The Dynamo, as is also the situation for the Quakes, appear set to miss the postseason -- the first time since 2010. Kinnear's record in nine seasons in charge of Houston is an impressive 111 wins, 86 losses, and 86 ties, and the Dynamo captured two MLS Cups, in 2006 and 2007, while finishing as runners-up twice, in 2011 and 2012.
An impressive footnote to that list -- one that the Quakes will make special note of -- is that Kinnear's team earned an MLS-record 36-game home unbeaten streak following the opening of the new BBVA Compass Stadium in 2012. His team plays with a tenacious style, one he has developed since his first coaching job back in 2001, as an assistant to Earthquakes head coach Frank Yallop.
When Yallop, following two MLS Cup championships in three years, left the Quakes to coach the Canadian national team, Kinnear was elevated into the head coaching role in San Jose. He compiled a record of 27-14-21 in two seasons, including the 2005 Supporters' Shield winning campaign, before the franchise was uprooted from the Bay Area and moved to Houston. Kinnear has coached the Dynamo ever since.
Kinnear's all-time MLS regular season winning percentage tops out at 0.555, while Yallop's is 0.510. In 48 games in charge of the Earthquakes, Watson has a record of 17-17-14 -- a winning percentage of 0.500. The trio, so intricately linked in a coaching tree that began in 2001, make up the top-three in Quakes head coaches since the league's inception in 1996.

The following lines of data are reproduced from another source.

lemma balanced_tight_path_of_large_fibres:
  assumes disj: "A \<inter> B = {}" "A \<inter> C = {}" "B \<inter> C = {}"
    and G: "finite G" "G \<subseteq> A \<times> B \<times> C" "(u, v, w) \<in> G" "large_fibres k pair_projections G"
    and edges: "\<And>a b c. (a, b, c) \<in> G \<Longrightarrow> {a, b, c} \<in> E"
    and "1 \<le> k"
  shows "\<exists>xs. tight_path (A \<union> B \<union> C) E xs \<and> length xs = 3 * k
     \<and> card (set xs \<inter> A) = k \<and> card (set xs \<inter> B) = k \<and> card (set xs \<inter> C) = k"
proof -
  define col :: "'a \<Rightarrow> nat"
    where "col x = (if x \<in> A then 0 else if x \<in> B then 1 else if x \<in> C then 2 else 3)" for x
  have classes: "A = {x. col x = 0}" "B = {x. col x = 1}" "C = {x. col x = 2}"
    using disj by (auto simp: col_def)
  have next_colour: "col c = Suc (col b) mod 3" if "(a, b, c) \<in> cyclic_closure G" for a b c
    using that G(2) disj by (auto simp: mem_cyclic_closure col_def)
  have "(u, v, w) \<in> cyclic_closure G" "col u = 0" "col v = 1" "col w = 2"
    using G(2,3) classes by (auto simp: cyclic_closure_def)
  then have "\<exists>xs. coloured_tight_path col (cyclic_closure G) xs \<and> length xs = 3 * k"
    using \<open>1 \<le> k\<close> next_colour card_extensions_cyclic_closure_ge[OF G(1) G(4)]
    by (rule coloured_tight_path_of_length)
  then obtain xs where xs: "coloured_tight_path col (cyclic_closure G) xs" "length xs = 3 * k"
    by blast
  have "tight_path (A \<union> B \<union> C) E xs"
    unfolding tight_path_def
  proof (intro conjI allI impI)
    show "distinct xs" using xs(1) by (simp add: coloured_tight_path_def)
    show "2 \<le> length xs" using xs(2) \<open>1 \<le> k\<close> by simp
    have "col x < 3" if "x \<in> set xs" for x
      using that xs(1) by (auto simp: coloured_tight_path_def in_set_conv_nth)
    moreover have "x \<in> A \<union> B \<union> C" if "col x < 3" for x
      using that by (simp add: col_def split: if_splits)
    ultimately show "set xs \<subseteq> A \<union> B \<union> C" by blast
  next
    fix i assume "i + 2 < length xs"
    then show "{xs ! i, xs ! (i + 1), xs ! (i + 2)} \<in> E"
      using xs(1) edges by (auto simp: coloured_tight_path_def intro: edge_of_cyclic_closure)
  qed
  moreover have "card (set xs \<inter> X) = k" if "X = {x. col x = r}" "r < 3" for X r
    using card_colour_class_of_length[OF xs that(2)] that(1) by (simp add: Int_def)
  ultimately show ?thesis using xs(2) classes by auto
qed
(* Let $n=2k+1$ be odd and let $B$ be an $n\times n$ ASM. Then there exist $n\times n$ permutation matrices $P_1,\ldots,P_k,P_{k+2},\ldots,P_n$ such that $[P_1,\ldots,P_k,B,P_{k+2},\ldots,P_n]$ (with $B$ as the $(k+1)$-st horizontal plane) is an $n\times n\times n$ ASHM.
   Context: An $n\times n$ alternating sign matrix (ASM) is an $n\times n$ matrix with entries in $\{0,1,-1\}$ such that in every row and column the nonzeros alternate in sign, beginning and ending with $+1$. An $n\times n\times n$ hypermatrix $[A_1,\ldots,A_n]$ ($A_s$ the horizontal planes) is an ASHM if all entries are in $\{0,\pm1\}$ and in every line (obtained by fixing two of the three indices) the nonzeros alternate in sign beginning and ending with $+1$. *)

theory Defs
  imports Main
begin

text \<open>An n x n matrix is represented as a function nat => nat => int, with only
  entries at indices i, j < n relevant (0-based indexing).
  An n x n x n hypermatrix [A_1,...,A_n] is represented as H :: nat => nat => nat => int,
  where H s i j is entry (i,j) of the horizontal plane A_(s+1).\<close>

definition alt_sign_list :: "int list \<Rightarrow> bool" where
  "alt_sign_list xs \<longleftrightarrow>
     set xs \<subseteq> {0, 1, -1} \<and>
     (let ys = filter (\<lambda>x. x \<noteq> 0) xs in
        ys \<noteq> [] \<and> hd ys = 1 \<and> last ys = 1 \<and>
        (\<forall>i. Suc i < length ys \<longrightarrow> ys ! Suc i = - (ys ! i)))"

definition is_ASM :: "nat \<Rightarrow> (nat \<Rightarrow> nat \<Rightarrow> int) \<Rightarrow> bool" where
  "is_ASM n A \<longleftrightarrow>
     (\<forall>i<n. alt_sign_list (map (\<lambda>j. A i j) [0..<n])) \<and>
     (\<forall>j<n. alt_sign_list (map (\<lambda>i. A i j) [0..<n]))"

definition is_perm_matrix :: "nat \<Rightarrow> (nat \<Rightarrow> nat \<Rightarrow> int) \<Rightarrow> bool" where
  "is_perm_matrix n P \<longleftrightarrow>
     (\<exists>\<sigma>. bij_betw \<sigma> {..<n} {..<n} \<and>
          (\<forall>i<n. \<forall>j<n. P i j = (if \<sigma> i = j then 1 else 0)))"

definition is_ASHM :: "nat \<Rightarrow> (nat \<Rightarrow> nat \<Rightarrow> nat \<Rightarrow> int) \<Rightarrow> bool" where
  "is_ASHM n H \<longleftrightarrow>
     (\<forall>s<n. \<forall>i<n. alt_sign_list (map (\<lambda>j. H s i j) [0..<n])) \<and>
     (\<forall>s<n. \<forall>j<n. alt_sign_list (map (\<lambda>i. H s i j) [0..<n])) \<and>
     (\<forall>i<n. \<forall>j<n. alt_sign_list (map (\<lambda>s. H s i j) [0..<n]))"

end

theory Submission
  imports Defs
begin

(* Every line of an ASM of odd order n = 2k+1 has m entries -1, m+1 entries 1 and
   2(k-m) zeros.  The zeros of B form a bipartite graph between rows and columns in which every
   vertex has even degree, so they can be split so that in every row and in every column half of
   them are "lower" and half are "upper".  The 0/1 matrix L marking the -1's and the lower zeros
   then has all line sums k, and so has the matrix U marking the -1's and the upper zeros.  By
   Hall's theorem each of L and U is a sum of k permutation matrices; stacking those of L below B
   and those of U above B gives vertical lines 0...0 1 0...0 where B is 1, a single 1 above or
   below a 0 of B, and 1 -1 1 (padded with zeros) where B is -1. *)

section \<open>Hall's marriage theorem\<close>

lemma hall_condition_Diff_critical:
  assumes fin: "finite I" "\<And>i. i \<in> I \<Longrightarrow> finite (A i)"
    and hall: "\<And>S. S \<subseteq> I \<Longrightarrow> card S \<le> card (\<Union>(A ` S))"
    and S: "S \<subseteq> I" "card (\<Union>(A ` S)) \<le> card S"
    and T: "T \<subseteq> I - S"
  shows "card T \<le> card (\<Union>i\<in>T. A i - \<Union>(A ` S))"
proof -
  have TS: "T \<union> S \<subseteq> I" using T S(1) by blast
  have "finite (\<Union>(A ` (T \<union> S)))" using TS fin finite_subset by blast
  then have "card (\<Union>i\<in>T. A i - \<Union>(A ` S)) = card (\<Union>(A ` (T \<union> S))) - card (\<Union>(A ` S))"
    by (subst card_Diff_subset[symmetric]) (auto intro: arg_cong[where f = card])
  moreover have "card T + card S = card (T \<union> S)"
    using T S(1) fin(1) by (intro card_Un_disjoint[symmetric]) (auto intro: finite_subset)
  ultimately show ?thesis using hall[OF TS] S(2) by linarith
qed

lemma hall_condition_Diff_singleton:
  assumes fin: "finite I" "\<And>i. i \<in> I \<Longrightarrow> finite (A i)"
    and surplus: "\<And>S. S \<subseteq> I \<Longrightarrow> S \<noteq> {} \<Longrightarrow> S \<noteq> I \<Longrightarrow> card S < card (\<Union>(A ` S))"
    and T: "T \<subseteq> I - {i\<^sub>0}" "i\<^sub>0 \<in> I"
  shows "card T \<le> card (\<Union>i\<in>T. A i - {a})"
proof (cases "T = {}")
  case False
  have "finite (\<Union>(A ` T))" using T fin finite_subset by blast
  moreover have "(\<Union>i\<in>T. A i - {a}) = \<Union>(A ` T) - {a}" by blast
  ultimately have "card (\<Union>(A ` T)) - 1 \<le> card (\<Union>i\<in>T. A i - {a})"
    by (simp add: card_Diff_singleton_if)
  then show ?thesis using surplus[of T] T False by fastforce
qed simp

lemma distinct_representatives_Un_critical:
  assumes "S \<subseteq> I" "\<forall>i\<in>S. f i \<in> A i" "inj_on f S"
    and "\<forall>i\<in>I - S. g i \<in> A i - \<Union>(A ` S)" "inj_on g (I - S)"
  shows "\<exists>h. (\<forall>i\<in>I. h i \<in> A i) \<and> inj_on h I"
proof -
  define h where "h i = (if i \<in> S then f i else g i)" for i
  have "inj_on h (S \<union> (I - S))"
    unfolding inj_on_Un using assms(2-5) by (auto simp: h_def inj_on_def)
  moreover have "S \<union> (I - S) = I" using assms(1) by blast
  moreover have "\<forall>i\<in>I. h i \<in> A i" using assms(2,4) by (simp add: h_def)
  ultimately show ?thesis by auto
qed

text \<open>Induction on the number of sets: if some proper subfamily S is critical, match S inside its
  own union and the rest outside it; otherwise every proper subfamily has a surplus, so any element
  of any set can be used for it.\<close>

theorem hall_marriage:
  assumes "finite I" "\<And>i. i \<in> I \<Longrightarrow> finite (A i)"
    and "\<And>S. S \<subseteq> I \<Longrightarrow> card S \<le> card (\<Union>(A ` S))"
  shows "\<exists>f. (\<forall>i\<in>I. f i \<in> A i) \<and> inj_on f I"
  using assms
proof (induction "card I" arbitrary: I A rule: less_induct)
  case less
  show ?case
  proof (cases "\<exists>S. S \<subseteq> I \<and> S \<noteq> {} \<and> S \<noteq> I \<and> card (\<Union>(A ` S)) \<le> card S")
    case True
    then obtain S where S: "S \<subseteq> I" "S \<noteq> {}" "S \<noteq> I" "card (\<Union>(A ` S)) \<le> card S"
      by blast
    have finS: "finite S" using S(1) less.prems(1) by (rule finite_subset)
    have cS: "card S < card I" using S(1,3) less.prems(1) by (meson psubsetI psubset_card_mono)
    have "card S > 0" using finS S(2) by auto
    then have cIS: "card (I - S) < card I" using cS by (simp add: card_Diff_subset[OF finS S(1)])
    obtain f1 where f1: "\<forall>i\<in>S. f1 i \<in> A i" "inj_on f1 S"
      using less.hyps[OF cS finS, of A] S(1) less.prems(2,3) by blast
    obtain f2 where f2: "\<forall>i\<in>I - S. f2 i \<in> A i - \<Union>(A ` S)" "inj_on f2 (I - S)"
      using less.hyps[OF cIS, of "\<lambda>i. A i - \<Union>(A ` S)"] less.prems(1,2)
        hall_condition_Diff_critical[OF less.prems S(1,4)] by blast
    show ?thesis using distinct_representatives_Un_critical[OF S(1) f1 f2] .
  next
    case False
    show ?thesis
    proof (cases "I = {}")
      case nonempty: False
      then obtain i\<^sub>0 where i\<^sub>0: "i\<^sub>0 \<in> I" by blast
      then obtain a where a: "a \<in> A i\<^sub>0" using less.prems(3)[of "{i\<^sub>0}"] by fastforce
      have "card I > 0" using i\<^sub>0 less.prems(1) card_gt_0_iff by blast
      then have cI: "card (I - {i\<^sub>0}) < card I" using i\<^sub>0 less.prems(1) by simp
      have surplus: "card S < card (\<Union>(A ` S))" if "S \<subseteq> I" "S \<noteq> {}" "S \<noteq> I" for S
        using False that by (auto simp: not_le)
      have hall: "card T \<le> card (\<Union>i\<in>T. A i - {a})" if "T \<subseteq> I - {i\<^sub>0}" for T
        using hall_condition_Diff_singleton[OF less.prems(1,2) surplus that i\<^sub>0] .
      have fin: "finite (A i - {a})" if "i \<in> I - {i\<^sub>0}" for i
        using less.prems(2) that by blast
      obtain f where f: "\<forall>i\<in>I - {i\<^sub>0}. f i \<in> A i - {a}" "inj_on f (I - {i\<^sub>0})"
        using less.hyps[OF cI finite_Diff[OF less.prems(1)], of "\<lambda>i. A i - {a}"] fin hall by blast
      have "inj_on (f(i\<^sub>0 := a)) (insert i\<^sub>0 (I - {i\<^sub>0}))" using f by (auto simp: inj_on_def)
      then show ?thesis using f a i\<^sub>0 by (intro exI[of _ "f(i\<^sub>0 := a)"]) (auto simp: insert_absorb)
    qed simp
  qed
qed

section \<open>Regular relations are sums of permutations\<close>

lemma bij_betw_lessThan_fibre:
  assumes "bij_betw \<sigma> {..<n} {..<n}" "j < n"
  shows "{i. i < n \<and> \<sigma> i = j} = {inv_into {..<n} \<sigma> j}"
  using assms bij_betw_inv_into_left[OF assms(1)] bij_betw_inv_into_right[OF assms(1)]
    bij_betwE[OF bij_betw_inv_into[OF assms(1)]] by fastforce

lemma regular_relation_perfect_matching:
  fixes L :: "nat \<Rightarrow> nat \<Rightarrow> bool"
  assumes "r > 0"
    and rows: "\<forall>i<n. card {j. j < n \<and> L i j} = r"
    and cols: "\<forall>j<n. card {i. i < n \<and> L i j} = r"
  shows "\<exists>\<sigma>. bij_betw \<sigma> {..<n} {..<n} \<and> (\<forall>i<n. L i (\<sigma> i))"
proof -
  define A where "A i = {j. j < n \<and> L i j}" for i
  have "card S \<le> card (\<Union>(A ` S))" if S: "S \<subseteq> {..<n}" for S
  proof -
    define N where "N = \<Union>(A ` S)"
    have N: "N \<subseteq> {..<n}" by (auto simp: N_def A_def)
    then have "finite N" by (rule finite_subset) simp
    have "r * card S = (\<Sum>i\<in>S. card (A i))" using S rows by (simp add: A_def subset_iff)
    also have "\<dots> = card (Sigma S A)" using S by (simp add: A_def finite_subset)
    also have "\<dots> \<le> card (prod.swap ` (SIGMA j:N. {i. i < n \<and> L i j}))"
      using \<open>finite N\<close> S by (intro card_mono) (auto simp: N_def A_def image_iff)
    also have "\<dots> = card (SIGMA j:N. {i. i < n \<and> L i j})"
      by (rule card_image) (simp add: swap_inj_on)
    also have "\<dots> = (\<Sum>j\<in>N. card {i. i < n \<and> L i j})" using \<open>finite N\<close> by simp
    also have "\<dots> = r * card N" using N cols by (simp add: subset_iff)
    finally show ?thesis using \<open>r > 0\<close> by (simp add: N_def)
  qed
  then obtain \<sigma> where \<sigma>: "\<forall>i<n. \<sigma> i \<in> A i" "inj_on \<sigma> {..<n}"
    using hall_marriage[of "{..<n}" A] by (auto simp: A_def)
  moreover have "\<sigma> ` {..<n} = {..<n}"
    using \<sigma> by (intro card_subset_eq) (auto simp: A_def card_image)
  ultimately have "bij_betw \<sigma> {..<n} {..<n}" by (simp add: bij_betw_def)
  then show ?thesis using \<sigma>(1) by (auto simp: A_def)
qed

lemma regular_relation_remove_matching:
  fixes L :: "nat \<Rightarrow> nat \<Rightarrow> bool"
  assumes rows: "\<forall>i<n. card {j. j < n \<and> L i j} = Suc r"
    and cols: "\<forall>j<n. card {i. i < n \<and> L i j} = Suc r"
    and \<tau>: "bij_betw \<tau> {..<n} {..<n}" "\<forall>i<n. L i (\<tau> i)"
  shows "\<forall>i<n. card {j. j < n \<and> L i j \<and> \<tau> i \<noteq> j} = r"
    and "\<forall>j<n. card {i. i < n \<and> L i j \<and> \<tau> i \<noteq> j} = r"
proof -
  show "\<forall>i<n. card {j. j < n \<and> L i j \<and> \<tau> i \<noteq> j} = r"
  proof (intro allI impI)
    fix i assume i: "i < n"
    have "{j. j < n \<and> L i j \<and> \<tau> i \<noteq> j} = {j. j < n \<and> L i j} - {\<tau> i}" by auto
    moreover have "\<tau> i \<in> {j. j < n \<and> L i j}" using \<tau> i by (auto dest: bij_betwE)
    ultimately show "card {j. j < n \<and> L i j \<and> \<tau> i \<noteq> j} = r" using rows i by simp
  qed
  show "\<forall>j<n. card {i. i < n \<and> L i j \<and> \<tau> i \<noteq> j} = r"
  proof (intro allI impI)
    fix j assume j: "j < n"
    obtain i\<^sub>0 where i\<^sub>0: "{i. i < n \<and> \<tau> i = j} = {i\<^sub>0}"
      using bij_betw_lessThan_fibre[OF \<tau>(1) j] by blast
    then have "{i. i < n \<and> L i j \<and> \<tau> i \<noteq> j} = {i. i < n \<and> L i j} - {i\<^sub>0}" by auto
    moreover have "i\<^sub>0 \<in> {i. i < n \<and> L i j}" using i\<^sub>0 \<tau>(2) by auto
    ultimately show "card {i. i < n \<and> L i j \<and> \<tau> i \<noteq> j} = r" using cols j by simp
  qed
qed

Kinnear has always had his name come up when the coaching job of the Earthquakes has been in question. He was a candidate for the position when the franchise returned to MLS in 2008, and he was mentioned as a replacement for Yallop following his departure last June. Adding to his connection to the club, Kinnear is a long-time friend of Earthquakes general manager John Doyle, and the two were teammates on the San Francisco Bay Blackhawks and U.S men's national team in the years prior to MLS.
While the future is uncertain for both Kinnear in Houston and Watson in San Jose, the possibility of a spin of the MLS coaching carousel makes for a spirited conversation. Are the Earthquakes better off keeping the status quo, or should the club welcome the return of a proven leader? Maybe a third option is to emerge from the shadow of the Yallop coaching tree and change course altogether? It appears, for the time being, that those questions will not be answered until the end of the season.